Supply and recycling of raw materials
Thin film solar cell technology can use raw materials very effectively.The traditional crystalline silicon solar cell module requires 0.51 kg / m2 of semiconductor grade silicon, while the raw material consumption per m2 of CISE cell module is: mo 720 g, cul.54g, in39g, se 720 g, znl3g ( depending on the module structure and yield [ | 14 ] ).This means that the consumption of raw materials is only equivalent to the metallized grid lines of crystalline silicon solar DEEP CYCLE BATTERY.
Whether the shortage of In will become the bottleneck of the development of Cu - In - Ga - Se thin film solar DEEP CYCLE BATTERY has become a controversial topic.2003.In is mainly used in coating ( 65 % ), electronic components ( 10 % ), solders and alloys ( 15 % ) [ 115 ].In - based coating is applied to the production of ITO transparent contact electrodes for flat panel displays.The annual production of in worldwide is 300 t, mainly from zinc ore, and 300 t in can produce about 15 GWP / a copper indium gallium selenium thin film solar cell module.On the other hand, in reserves in the earth's crust are three times that of ag, while ag's annual output is 20000 t and its reserves are 57000 t [ 115 ].These figures mean that the supply of In cannot be a limiting factor in the commercialization of Cu - In - Ga - Se thin film solar DEEP CYCLE BATTERY.In addition, the research shows that thinner absorption layer is a feasible technical direction [ 116 ], and no - in absorption layer is also under development ( see section 6.6.3 ). moreover, the flat panel display industry may replace ITO with cheaper ZnO, and in recovery will supplement in supply, which will reduce the risk of in supply shortage.In the past 30 years, the price of in has fluctuated between < $ 100 / kg and > $ 500 / kg, while the market price of $ 500 / kg means in accounts for only 2 % of the production cost of components.

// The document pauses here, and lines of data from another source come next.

(* Consider a discounted MDP with finite state space $\mathcal{S}$, finite action space $\mathcal{A}$, reward vector $r\in\mathbb{R}^{|\mathcal{S}||\mathcal{A}|}$, transition matrix $P\in\mathbb{R}_+^{|\mathcal{S}||\mathcal{A}|\times|\mathcal{S}|}$ with $P_{sa,\tilde s}=\Pr(\tilde s\mid s,a)$, initial state distribution $\mu_0$, and discount factor $\gamma\in[0,1)$. Let $\theta\mapsto\pi_\theta$ be a differentiable parametrized policy, and let $q_\phi\in\mathbb{R}^{|\mathcal{S}||\mathcal{A}|}$ be an arbitrary critic vector (not depending on $\theta$). Define $J(\theta)=(1-\gamma)\mu_0^\top\Pi_\theta q_\theta$, $J_\pi(\theta,\phi)=(1-\gamma)\mu_0^\top\Pi_\theta q_\phi$, the critic residual $\delta_{\theta,\phi}=r-(I-\gamma P\Pi_\theta)q_\phi$, and $\nabla^\phi_\theta J=\sum_s d_{\mathcal{S},\theta}(s)\sum_a q_\phi(s,a)\nabla_\theta\pi_\theta(s,a)$. Then $$\nabla_\theta J-\partial_\theta J_\pi=\nabla_\theta\Big(\sum_{s,a} d_\theta(s,a)\,\delta_{\theta,\phi}(s,a)\Big),$$ where the derivative on the right acts on both $d_\theta$ and $\delta_{\theta,\phi}$ (with $q_\phi$ fixed), and $$\nabla_\theta J-\nabla^\phi_\theta J=\sum_{s,a}\nabla_\theta d_\theta(s,a)\,\delta_{\theta,\phi}(s,a),$$ i.e. the derivative of $\mathbb{E}_{(S,A)\sim d_\theta}[\delta_{\theta,\phi}(S,A)]$ taken only through $d_\theta$, with $\delta_{\theta,\phi}$ held fixed.
   Context: The policy $\pi_\theta$ is a vector in $\mathbb{R}_+^{|\mathcal{S}||\mathcal{A}|}$ with entries $\pi_\theta(s,a)$, normalized in each state. $\Pi_\theta\in\mathbb{R}^{|\mathcal{S}|\times|\mathcal{S}||\mathcal{A}|}$ is the block-diagonal matrix whose row $s$ contains $\pi_\theta(s,\cdot)^\top$ in the block of state $s$ and zeros elsewhere, so $(\Pi_\theta v)(s)=\sum_a\pi_\theta(s,a)v(s,a)$. $q_\theta=\sum_{i\ge0}(\gamma P\Pi_\theta)^i r$ is the state-action value function of $\pi_\theta$. $d_\theta(s,a)=(1-\gamma)\sum_{i\ge0}\gamma^i\Pr(S_i=s,A_i=a)$ is the discounted state-action visitation distribution when $S_0\sim\mu_0$, actions follow $\pi_\theta$ and transitions follow $P$; $d_{\mathcal{S},\theta}(s)=\sum_a d_\theta(s,a)$. $\partial_\theta J_\pi$ denotes the gradient of $J_\pi$ in $\theta$ with $q_\phi$ held fixed. *)

theory Defs
  imports "HOL-Analysis.Analysis"
begin

text \<open>Vectors in R^{|S||A|} are functions 's \<Rightarrow> 'a \<Rightarrow> real.
  P s a s' = Pr(s' | s, a).\<close>

definition is_mdp :: "('s::finite \<Rightarrow> 'a::finite \<Rightarrow> 's \<Rightarrow> real) \<Rightarrow> ('s \<Rightarrow> real) \<Rightarrow> real \<Rightarrow> bool" where
  "is_mdp P mu0 \<gamma> \<longleftrightarrow>
     (\<forall>s a s'. P s a s' \<ge> 0) \<and> (\<forall>s a. (\<Sum>s'\<in>UNIV. P s a s') = 1) \<and>
     (\<forall>s. mu0 s \<ge> 0) \<and> (\<Sum>s\<in>UNIV. mu0 s) = 1 \<and> 0 \<le> \<gamma> \<and> \<gamma> < 1"

definition is_policy :: "('s::finite \<Rightarrow> 'a::finite \<Rightarrow> real) \<Rightarrow> bool" where
  "is_policy p \<longleftrightarrow> (\<forall>s a. p s a \<ge> 0) \<and> (\<forall>s. (\<Sum>a\<in>UNIV. p s a) = 1)"
text \<open>The Thue--Morse word indexed from 0, with letters as booleans.\<close>
definition thue_morse :: "nat \<Rightarrow> bool" where
  "thue_morse n \<longleftrightarrow> odd (bitcount n)"

lemma tm_Suc: "tm (Suc i) = of_bool (thue_morse i)"
  by (simp add: tm_def thue_morse_def odd_iff_mod_2_eq_one)

lemma thue_morse_small:
  "\<not> thue_morse 0" "thue_morse 1" "thue_morse 2" "\<not> thue_morse 3" "thue_morse 4"
  by (simp_all add: thue_morse_def bitcount.simps)

lemma thue_morse_double [simp]: "thue_morse (2 * n) = thue_morse n"
  using bitcount_double_plus[of 0 n] by (simp add: thue_morse_def)

lemma thue_morse_double_plus_1 [simp]: "thue_morse (Suc (2 * n)) = (\<not> thue_morse n)"
  using bitcount_double_plus[of 1 n] by (simp add: thue_morse_def)

lemma thue_morse_add_pow2_mult:
  "R < 2 ^ a \<Longrightarrow> thue_morse (R + 2 ^ a * v) = (thue_morse R \<noteq> thue_morse v)"
  by (simp add: thue_morse_def bitcount_add_pow2_mult)

lemma thue_morse_add_pow2_mult_div_mod:
  "thue_morse (N + 2 ^ a * c) = (thue_morse (N mod 2 ^ a) \<noteq> thue_morse (N div 2 ^ a + c))"
proof -
  have "N + 2 ^ a * c = N mod 2 ^ a + 2 ^ a * (N div 2 ^ a + c)"
    by (simp add: algebra_simps)
  then show ?thesis
    by (simp add: thue_morse_add_pow2_mult)
qed

lemma thue_morse_not_three_equal:
  "\<not> (thue_morse b = thue_morse (b + 1) \<and> thue_morse (b + 1) = thue_morse (b + 2))"
proof (cases "even b")
  case True
  then obtain c where "b = 2 * c" by blast
  then have "thue_morse (b + 1) \<noteq> thue_morse b" by simp
  then show ?thesis by blast
next
  case False
  then obtain c where "b = 2 * c + 1" using oddE by blast
  then have b: "b + 1 = 2 * (c + 1)" "b + 2 = Suc (2 * (c + 1))" by simp_all
  have "thue_morse (b + 2) \<noteq> thue_morse (b + 1)"
    unfolding b using thue_morse_double_plus_1[of "c + 1"] thue_morse_double[of "c + 1"] by argo
  then show ?thesis by blast
qed

lemma thue_morse_mult_4_plus:
  "thue_morse (4 * w) = thue_morse w" "thue_morse (4 * w + 1) = (\<not> thue_morse w)"
  "thue_morse (4 * w + 2) = (\<not> thue_morse w)" "thue_morse (4 * w + 3) = thue_morse w"
  using thue_morse_add_pow2_mult[of 0 2 w] thue_morse_add_pow2_mult[of 1 2 w]
    thue_morse_add_pow2_mult[of 2 2 w] thue_morse_add_pow2_mult[of 3 2 w]
  by (simp_all add: thue_morse_small[unfolded One_nat_def] add.commute)

lemma exists_thue_morse_eq_add_3:
  "\<exists>v. u \<le> v \<and> v \<le> u + 2 \<and> thue_morse (v + 3) = thue_morse v"
proof -
  have witness: ?thesis
    if "thue_morse (u + 3) = thue_morse u \<or> thue_morse (u + 4) = thue_morse (u + 1)"
    using that
  proof
    assume "thue_morse (u + 3) = thue_morse u"
    then show ?thesis by (intro exI[of _ u]) simp
  next
    assume "thue_morse (u + 4) = thue_morse (u + 1)"
    then show ?thesis by (intro exI[of _ "u + 1"]) (simp add: add.commute)
  qed
  define w r where "w = u div 4" and "r = u mod 4"
  have u: "u = 4 * w + r" and "r < 4"
    by (simp_all add: w_def r_def)
  note t = thue_morse_mult_4_plus
  \<comment> \<open>for \<open>u mod 4 \<in> {1, 2}\<close> exactly one of the pairs \<open>(u, u + 1)\<close> and \<open>(u + 3, u + 4)\<close> is constant\<close>
  consider "r = 0" | "r = 1" | "r = 2" | "r = 3"
    using \<open>r < 4\<close> by linarith
  then show ?thesis
  proof cases
    case 1
    have "thue_morse u = thue_morse (4 * w)" "thue_morse (u + 3) = thue_morse (4 * w + 3)"
      by (rule arg_cong[where f = thue_morse]; simp add: u 1)+
    then show ?thesis using t[of w] by (intro witness) argo
  next
    case 2
    have "thue_morse u = thue_morse (4 * w + 1)" "thue_morse (u + 1) = thue_morse (4 * w + 2)"
      "thue_morse (u + 3) = thue_morse (4 * (w + 1))"
      "thue_morse (u + 4) = thue_morse (4 * (w + 1) + 1)"
      by (rule arg_cong[where f = thue_morse]; simp add: u 2)+
    then show ?thesis using t[of w] t[of "w + 1"] by (intro witness) argo
  next
    case 3
    have "thue_morse u = thue_morse (4 * w + 2)" "thue_morse (u + 1) = thue_morse (4 * w + 3)"
      "thue_morse (u + 3) = thue_morse (4 * (w + 1) + 1)"
      "thue_morse (u + 4) = thue_morse (4 * (w + 1) + 2)"
      by (rule arg_cong[where f = thue_morse]; simp add: u 3)+
    then show ?thesis using t[of w] t[of "w + 1"] by (intro witness) argo
  next
    case 4
    have "thue_morse (u + 1) = thue_morse (4 * (w + 1))"
      "thue_morse (u + 4) = thue_morse (4 * (w + 1) + 3)"
      by (rule arg_cong[where f = thue_morse]; simp add: u 4)+
    then show ?thesis using t[of "w + 1"] by (intro witness) argo
  qed
qed

definition tm_factors_eq :: "nat \<Rightarrow> nat \<Rightarrow> nat \<Rightarrow> bool" where
  "tm_factors_eq p q n \<longleftrightarrow> (\<forall>r<n. thue_morse (p + r) = thue_morse (q + r))"

lemma tm_factors_eq_sym: "tm_factors_eq p q n \<Longrightarrow> tm_factors_eq q p n"
  by (simp add: tm_factors_eq_def)

lemma tm_factors_eq_if_tm_factor_eq:
  assumes "tm_factor (p + 1) (p + n) = tm_factor (q + 1) (q + n)"
  shows "tm_factors_eq p q n"
  unfolding tm_factors_eq_def
proof (intro allI impI)
  fix r assume "r < n"
  then have "tm_factor (x + 1) (x + n) ! r = tm (Suc (x + r))" for x
    by (simp add: tm_factor_def del: upt_Suc)
  then show "thue_morse (p + r) = thue_morse (q + r)"
    using assms by (metis tm_Suc of_bool_eq_iff)
qed

lemma not_tm_factors_eq_shift:
  assumes "p \<le> N" "N < p + n" "thue_morse N \<noteq> thue_morse (N + d)"
  shows "\<not> tm_factors_eq p (p + d) n"
  using assms unfolding tm_factors_eq_def
  by (metis add.commute add.left_commute le_add_diff_inverse less_diff_conv2)
(* Let $d,r$ be positive integers with $d\le q$ and $r\le\binom{m+d}{d}$. If $r<\binom{m+d}{d}$, let $i,j$ be the unique integers with $r=j+\sum_{a=1}^{i}\binom{m+d-a}{d-1}$, $0\le i\le m$ and $0\le j<\binom{m+d-i-1}{d-1}$; if $r=\binom{m+d}{d}$, let $i=m$ and $j=1$. Then $$e_r(d,m)\ge H_j(d-1,m-i)+\mathsf{p}_{m-i-1}.$$
   Context: Let $q$ be a prime power, $\mathbb{F}_q$ the finite field with $q$ elements, $m$ a positive integer. For $j\in\mathbb{Z}$, $\mathsf{p}_j=q^j+\dots+q+1$ if $j\ge0$ and $\mathsf{p}_j=0$ if $j<0$. $e_r(d,m)$ is the maximum, over all families of $r$ linearly independent homogeneous polynomials $F_1,\dots,F_r$ of degree $d$ in $\mathbb{F}_q[x_0,\dots,x_m]$, of the number of points of $\mathbb{P}^m(\mathbb{F}_q)$ at which all $F_i$ vanish. For nonnegative integers $d,n$ and $1\le s\le\binom{n+d}{n}$ (with $n\ge1$, $d\ge 1$, $d<q$): $H_s(d,n)=\sum_{k=1}^{n}\alpha_kq^{n-k}$, where $(\alpha_1,\dots,\alpha_n)$ is the $s$-th element, in descending lexicographic order, of the set of $n$-tuples of integers $(\beta_1,\dots,\beta_n)$ with $0\le\beta_k<q$ and $\beta_1+\dots+\beta_n\le d$. Conventions: $H_0(d,n)=q^n$ for all $d,n\ge0$, and $H_1(d,n)=0$ if $d=0$ or $n=0$. *)

theory Defs
  imports Main
begin

text \<open>Field F_q is modelled by a finite field type 'k; q = CARD('k).
Points of F_q^(m+1) are functions nat => 'k vanishing outside {0..m}.
A monomial of degree d in x_0..x_m is an exponent vector a : nat => nat
supported on {0..m} with total degree d.\<close>

definition mons :: "nat \<Rightarrow> nat \<Rightarrow> (nat \<Rightarrow> nat) set" where
  "mons m d = {a. (\<forall>i>m. a i = 0) \<and> (\<Sum>i\<le>m. a i) = d}"

definition hom_polys :: "nat \<Rightarrow> nat \<Rightarrow> ((nat \<Rightarrow> nat) \<Rightarrow> 'k::field) set" where
  "hom_polys m d = {c. \<forall>a. a \<notin> mons m d \<longrightarrow> c a = 0}"

definition peval :: "nat \<Rightarrow> nat \<Rightarrow> ((nat \<Rightarrow> nat) \<Rightarrow> 'k::field) \<Rightarrow> (nat \<Rightarrow> 'k) \<Rightarrow> 'k" where
  "peval m d c x = (\<Sum>a\<in>mons m d. c a * (\<Prod>i\<le>m. x i ^ a i))"

definition proj_pts :: "nat \<Rightarrow> (nat \<Rightarrow> 'k::field) set set" where
  "proj_pts m = (\<lambda>x. {(\<lambda>i. c * x i) | c. c \<noteq> 0}) `
      {x. (\<forall>i>m. x i = 0) \<and> (\<exists>i\<le>m. x i \<noteq> 0)}"

definition lin_indep :: "nat \<Rightarrow> (nat \<Rightarrow> ((nat \<Rightarrow> nat) \<Rightarrow> 'k::field)) \<Rightarrow> bool" where
  "lin_indep r F = (\<forall>c :: nat \<Rightarrow> 'k. (\<forall>a. (\<Sum>l<r. c l * F l a) = 0) \<longrightarrow> (\<forall>l<r. c l = 0))"

definition n_zeros :: "nat \<Rightarrow> nat \<Rightarrow> nat \<Rightarrow> (nat \<Rightarrow> ((nat \<Rightarrow> nat) \<Rightarrow> 'k::field)) \<Rightarrow> nat" where
  "n_zeros r d m F = card {P \<in> proj_pts m. \<forall>x\<in>P. \<forall>l<r. peval m d (F l) x = 0}"

definition e_max :: "'k::{finite,field} itself \<Rightarrow> nat \<Rightarrow> nat \<Rightarrow> nat \<Rightarrow> nat" where
  "e_max TYPE('k) r d m = Max {n_zeros r d m F | F :: nat \<Rightarrow> ((nat \<Rightarrow> nat) \<Rightarrow> 'k).
       (\<forall>l<r. F l \<in> hom_polys m d) \<and> lin_indep r F}"

definition tuples :: "nat \<Rightarrow> nat \<Rightarrow> nat \<Rightarrow> nat list set" where
  "tuples q d n = {b. length b = n \<and> (\<forall>x\<in>set b. x < q) \<and> sum_list b \<le> d}"

definition lex_gt :: "nat list \<Rightarrow> nat list \<Rightarrow> bool" where
  "lex_gt g b = ((b, g) \<in> lexord {(x, y). x < y})"

text \<open>s-th element (1-based) in descending lexicographic order.\<close>
definition nth_desc :: "nat \<Rightarrow> nat \<Rightarrow> nat \<Rightarrow> nat \<Rightarrow> nat list" where
  "nth_desc q d n s = (THE b. b \<in> tuples q d n \<and> card {g \<in> tuples q d n. lex_gt g b} = s - 1)"

definition H :: "nat \<Rightarrow> nat \<Rightarrow> nat \<Rightarrow> nat \<Rightarrow> nat" where
  "H q s d n = (if s = 0 then q ^ n
     else if s = 1 \<and> (d = 0 \<or> n = 0) then 0
     else (let al = nth_desc q d n s in \<Sum>k<n. al ! k * q ^ (n - 1 - k)))"

definition pp :: "nat \<Rightarrow> int \<Rightarrow> nat" where
  "pp q j = (if j < 0 then 0 else \<Sum>k\<le>nat j. q ^ k)"

end

theory Submission
  imports Defs "HOL-Library.List_Lexorder"
begin

(* Identify F_q with {0,...,q-1} through a bijection a and put n = m - i.  As the r forms take
   all degree-d monomials involving one of x_0,...,x_(i-1), and, for each of the j lexicographically
   largest tuples beta >= alpha (alpha the j-th tuple of weight at most d - 1), the form
     G_beta = x_i^(d - |beta|) * prod_k prod_(t < beta_k) (x_(i+1+k) - a_t x_i).
   All of them vanish on the linear subspace x_0 = ... = x_i = 0, which has p_(n-1) points, and at
   the points (0,...,0,1,a_(c_1),...,a_(c_n)) with c < alpha lexicographically, because c < alpha <= beta
   forces c_k < beta_k for some k; counting such c in base q gives exactly H_j(d-1,n) points.
   The monomials are independent coefficientwise, and on x_0 = ... = x_(i-1) = 0 the form G_beta is
   nonzero at the point of c only if beta <= c componentwise, which makes the G_beta triangular
   with respect to |beta|. *)

definition monomial :: "nat \<Rightarrow> (nat \<Rightarrow> nat) \<Rightarrow> (nat \<Rightarrow> 'k::field) \<Rightarrow> 'k" where
  "monomial m a x = (\<Prod>t\<le>m. x t ^ a t)"

definition hom_poly_fun :: "nat \<Rightarrow> nat \<Rightarrow> ((nat \<Rightarrow> 'k::field) \<Rightarrow> 'k) \<Rightarrow> bool" where
  "hom_poly_fun m d f \<longleftrightarrow> (\<exists>c. peval m d c = f)"

lemma peval_eq_sum_monomial: "peval m d c x = (\<Sum>a\<in>mons m d. c a * monomial m a x)"
  by (simp add: peval_def monomial_def)

lemma finite_mons: "finite (mons m d)"
proof -
  have "mons m d \<subseteq> {a. \<forall>t. (t \<in> {..m} \<longrightarrow> a t \<in> {..d}) \<and> (t \<notin> {..m} \<longrightarrow> a t = 0)}"
  proof
    fix a assume a: "a \<in> mons m d"
    have "a t \<le> d" if "t \<le> m" for t
      using a that member_le_sum[of t "{..m}" a] unfolding mons_def by auto
    then show "a \<in> {a. \<forall>t. (t \<in> {..m} \<longrightarrow> a t \<in> {..d}) \<and> (t \<notin> {..m} \<longrightarrow> a t = 0)}"
      using a unfolding mons_def by auto
  qed
  then show ?thesis
    by (rule finite_subset) (rule finite_set_of_finite_funs; simp)
qed

lemma mons_add: "a \<in> mons m d \<Longrightarrow> b \<in> mons m e \<Longrightarrow> (\<lambda>t. a t + b t) \<in> mons m (d + e)"
  by (simp add: mons_def sum.distrib)

lemma monomial_add: "monomial m (\<lambda>t. a t + b t) x = monomial m a x * monomial m b x"
  by (simp add: monomial_def power_add prod.distrib)

lemma peval_delta:
  assumes "a \<in> mons m d"
  shows "peval m d (\<lambda>b. if b = a then 1 else 0) = monomial m a"
proof
  fix x
  have "(\<Sum>b\<in>mons m d. (if b = a then 1 else 0) * monomial m b x)
      = (\<Sum>b\<in>mons m d. if b = a then monomial m b x else 0)"
    by (rule sum.cong) auto
  also have "\<dots> = monomial m a x"
    using assms by (simp add: finite_mons)
  finally show "peval m d (\<lambda>b. if b = a then 1 else 0) x = monomial m a x"
    by (simp add: peval_eq_sum_monomial)
qed

lemma peval_delta_eq_0:
  assumes "a \<in> mons m d" "a t \<noteq> 0" "x t = 0"
  shows "peval m d (\<lambda>b. if b = a then 1 else 0) x = 0"
proof -
  have "\<forall>t>m. a t = 0"
    using assms(1) by (simp add: mons_def)
  then have "t \<le> m"
    using assms(2) by (meson not_le)
  then have "monomial m a x = 0"
    unfolding monomial_def using assms(2,3) by (intro prod_zero) auto
  then show ?thesis
    using fun_cong[OF peval_delta[OF assms(1)], of x] by simp
qed

lemma peval_homogeneous: "peval m d c (\<lambda>t. s * x t) = s ^ d * peval m d c x"
proof -
  have "monomial m a (\<lambda>t. s * x t) = s ^ d * monomial m a x" if "a \<in> mons m d" for a
  proof -
    have "(\<Prod>t\<le>m. s ^ a t) = s ^ d"
      using that by (simp add: mons_def power_sum[symmetric])
    then show ?thesis
      by (simp add: monomial_def power_mult_distrib prod.distrib)
  qed
  then show ?thesis
    by (simp add: peval_eq_sum_monomial sum_distrib_left mult.left_commute)
qed
(* Let $a, b$ be integers with $0 < a \le b$ and let $L_{a,b} = \{C_{i,1} : 1 \le i \le a+1\} \cup \{C_{1,j} : 1 < j \le b+1\}$, of size $n = a+b+1$. Then on the $n \times n$ board, $2 \le \mathrm{cp}_{\mathrm{free}}(L_{a,b}) \le 5$.
   Context: For integers $i,j$, $C_{i,j}$ denotes the unit square cell in column $i$ and row $j$ of the integer grid (columns numbered left to right, rows numbered top to bottom). A polyomino is a finite set of cells; its size is its number of cells. For a polyomino $\mathcal{P}$ of size $n$ the board is $\mathbb{B} = \{C_{i,j} : 1 \le i,j \le n\}$. The shift of $\mathcal{P}$ by integers $(c,d)$ is $\mathcal{P}+(c,d) = \{C_{x+c,y+d} : C_{x,y} \in \mathcal{P}\}$. The rotations of $L_{a,b}$ by $90^\circ, 180^\circ, 270^\circ$ clockwise are $LR_{a,b} = \{C_{i,1} : 1 \le i \le b+1\} \cup \{C_{b+1,j} : 1 \le j \le a+1\}$, $LR^2_{a,b} = \{C_{i,b+1} : 1 \le i \le a+1\} \cup \{C_{a+1,j} : 1 \le j \le b+1\}$, $LR^3_{a,b} = \{C_{i,a+1} : 1 \le i \le b+1\} \cup \{C_{1,j} : 1 \le j \le a+1\}$ (reflections are not allowed). A free copy of $L_{a,b}$ is any shift of one of these four. A set of polyominoes is a valid arrangement if each is contained in $\mathbb{B}$ and they are pairwise disjoint. A free packing of $\mathcal{P}$ is a set of free copies of $\mathcal{P}$ forming a valid arrangement such that adding any further free copy of $\mathcal{P}$ yields an invalid arrangement. The clumsy free packing number $\mathrm{cp}_{\mathrm{free}}(\mathcal{P})$ is the minimum number of polyominoes in a free packing of $\mathcal{P}$ on the $n \times n$ board. *)

theory Defs
  imports Main
begin

text \<open>A cell C_{i,j} (column i, row j) is the pair (i, j) of integers.\<close>
type_synonym cell = "int \<times> int"

definition shift :: "cell set \<Rightarrow> int \<Rightarrow> int \<Rightarrow> cell set" where
  "shift P c d = (\<lambda>(x, y). (x + c, y + d)) ` P"

definition board :: "nat \<Rightarrow> cell set" where
  "board n = {1..int n} \<times> {1..int n}"

definition L :: "int \<Rightarrow> int \<Rightarrow> cell set" where
  "L a b = {(i, 1) | i. 1 \<le> i \<and> i \<le> a + 1} \<union> {(1, j) | j. 1 < j \<and> j \<le> b + 1}"

definition LR :: "int \<Rightarrow> int \<Rightarrow> cell set" where
  "LR a b = {(i, 1) | i. 1 \<le> i \<and> i \<le> b + 1} \<union> {(b + 1, j) | j. 1 \<le> j \<and> j \<le> a + 1}"

definition LR2 :: "int \<Rightarrow> int \<Rightarrow> cell set" where
  "LR2 a b = {(i, b + 1) | i. 1 \<le> i \<and> i \<le> a + 1} \<union> {(a + 1, j) | j. 1 \<le> j \<and> j \<le> b + 1}"

definition LR3 :: "int \<Rightarrow> int \<Rightarrow> cell set" where
  "LR3 a b = {(i, a + 1) | i. 1 \<le> i \<and> i \<le> b + 1} \<union> {(1, j) | j. 1 \<le> j \<and> j \<le> a + 1}"

text \<open>Free copies of L_{a,b}: shifts of one of the four rotations.\<close>
definition free_copies_L :: "int \<Rightarrow> int \<Rightarrow> cell set set" where
  "free_copies_L a b = {shift R c d | R c d. R \<in> {L a b, LR a b, LR2 a b, LR3 a b}}"

definition valid_arrangement :: "nat \<Rightarrow> cell set set \<Rightarrow> bool" where
  "valid_arrangement n S \<longleftrightarrow>
     (\<forall>P\<in>S. P \<subseteq> board n) \<and> (\<forall>P\<in>S. \<forall>Q\<in>S. P \<noteq> Q \<longrightarrow> P \<inter> Q = {})"

definition free_packing :: "cell set set \<Rightarrow> nat \<Rightarrow> cell set set \<Rightarrow> bool" where
  "free_packing F n S \<longleftrightarrow> S \<subseteq> F \<and> valid_arrangement n S \<and>
     (\<forall>Q\<in>F. Q \<notin> S \<longrightarrow> \<not> valid_arrangement n (insert Q S))"

definition cp_free_L :: "int \<Rightarrow> int \<Rightarrow> nat" where
  "cp_free_L a b = (LEAST k. \<exists>S. free_packing (free_copies_L a b) (nat (a + b + 1)) S \<and> card S = k)"

end

theory Submission
  imports Defs
begin

(* Every free copy of L_{a,b} is the union of a horizontal and a vertical segment, so whether
   two copies meet, or whether a copy lies on the board, is a linear condition on their
   offsets.  The upper bound is witnessed by explicit maximal packings with 2, 3, 4 or 5
   copies, according as b <= a + 1, a + 2 <= b <= 2a + 2, a = 1, or 2a <= b.  For the lower
   bound, a single copy never blocks the board: a copy in orientation L or LR2 misses the
   L-copy in the top left corner or the LR2-copy in the bottom right corner, and likewise
   for LR and LR3 with the other two corners. *)

definition hseg :: "int \<Rightarrow> int \<Rightarrow> int \<Rightarrow> cell set" where
  "hseg y x1 x2 = {(x, y) | x. x1 \<le> x \<and> x \<le> x2}"

definition vseg :: "int \<Rightarrow> int \<Rightarrow> int \<Rightarrow> cell set" where
  "vseg x y1 y2 = {(x, y) | y. y1 \<le> y \<and> y \<le> y2}"

lemma disjnt_hseg_hseg:
  "disjnt (hseg y x1 x2) (hseg y' x1' x2') \<longleftrightarrow> y \<noteq> y' \<or> x2 < x1 \<or> x2' < x1' \<or> x2' < x1 \<or> x2 < x1'"
proof
  assume "disjnt (hseg y x1 x2) (hseg y' x1' x2')"
  then have "(max x1 x1', y) \<notin> hseg y x1 x2 \<inter> hseg y' x1' x2'"
    by (simp add: disjnt_def)
  then show "y \<noteq> y' \<or> x2 < x1 \<or> x2' < x1' \<or> x2' < x1 \<or> x2 < x1'"
    by (auto simp: hseg_def)
qed (auto simp: disjnt_def hseg_def)

lemma disjnt_vseg_vseg:
  "disjnt (vseg x y1 y2) (vseg x' y1' y2') \<longleftrightarrow> x \<noteq> x' \<or> y2 < y1 \<or> y2' < y1' \<or> y2' < y1 \<or> y2 < y1'"
proof
  assume "disjnt (vseg x y1 y2) (vseg x' y1' y2')"
  then have "(x, max y1 y1') \<notin> vseg x y1 y2 \<inter> vseg x' y1' y2'"
    by (simp add: disjnt_def)
  then show "x \<noteq> x' \<or> y2 < y1 \<or> y2' < y1' \<or> y2' < y1 \<or> y2 < y1'"
    by (auto simp: vseg_def)
qed (auto simp: disjnt_def vseg_def)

The waste produced by the dry process is mainly the residual material deposited on the side wall of the cavity, baffle or substrate carrier, etc.The total amount of waste in the small-scale test line is small and the recovery cost is high. It is hoped that the waste recovery cost can be reduced in the large-scale production.The remaining sputtering target produced will be recovered by the supplier.More research has focused on the recovery of waste materials from buffer chemical water bath deposition CBD [ 117, 118 ]. The main method is to remove reaction products from the solution at the production site, adjust the concentration of the solution, and then re-apply the solution to CBD.
After successful testing, the final product of disassembly and recovery of defective products or semi-finished products can be applied to end - of - life products.Add G to 250' C to the components to be disassembled, soften the EVA packaging film, and then remove the cover glass.After that, the window layer and buffer layer are removed by etching with weak acid solution.Then scrape off the absorbent layer from the back contact, and finally dissolve the back contact in HN03'. The test shows that this assembly can be disassembled layer by layer with little cross contamination.It has been confirmed that the substrate glass can be reused in the new assembly, and it is hoped that relatively clean materials such as the absorption layer powder can also be directly used in the subsequent preparation process' 6.5.3.2 Energy Recovery Period'
A manufacturer producing both copper indium gallium selenide thin-film solar DEEP CYCLE BATTERY and crystalline silicon solar DEEP CYCLE BATTERY gave a comparative study of the energy recovery period [ 12 ] and believed that the energy recovery period EPBT of copper indium gallium selenide thin-film solar DEEP CYCLE BATTERY was 1.8 years, while that of crystalline silicon solar DEEP CYCLE BATTERY was 3.3 years.It is worth noting that the aluminum frame accounts for a large proportion of the energy value of copper indium gallium hitting the thin film solar cell module material.However, this study is based on the first generation of copper indium gallium smashing thin-film solar cell technology, and the energy recovery period EPBT will be lower in the future.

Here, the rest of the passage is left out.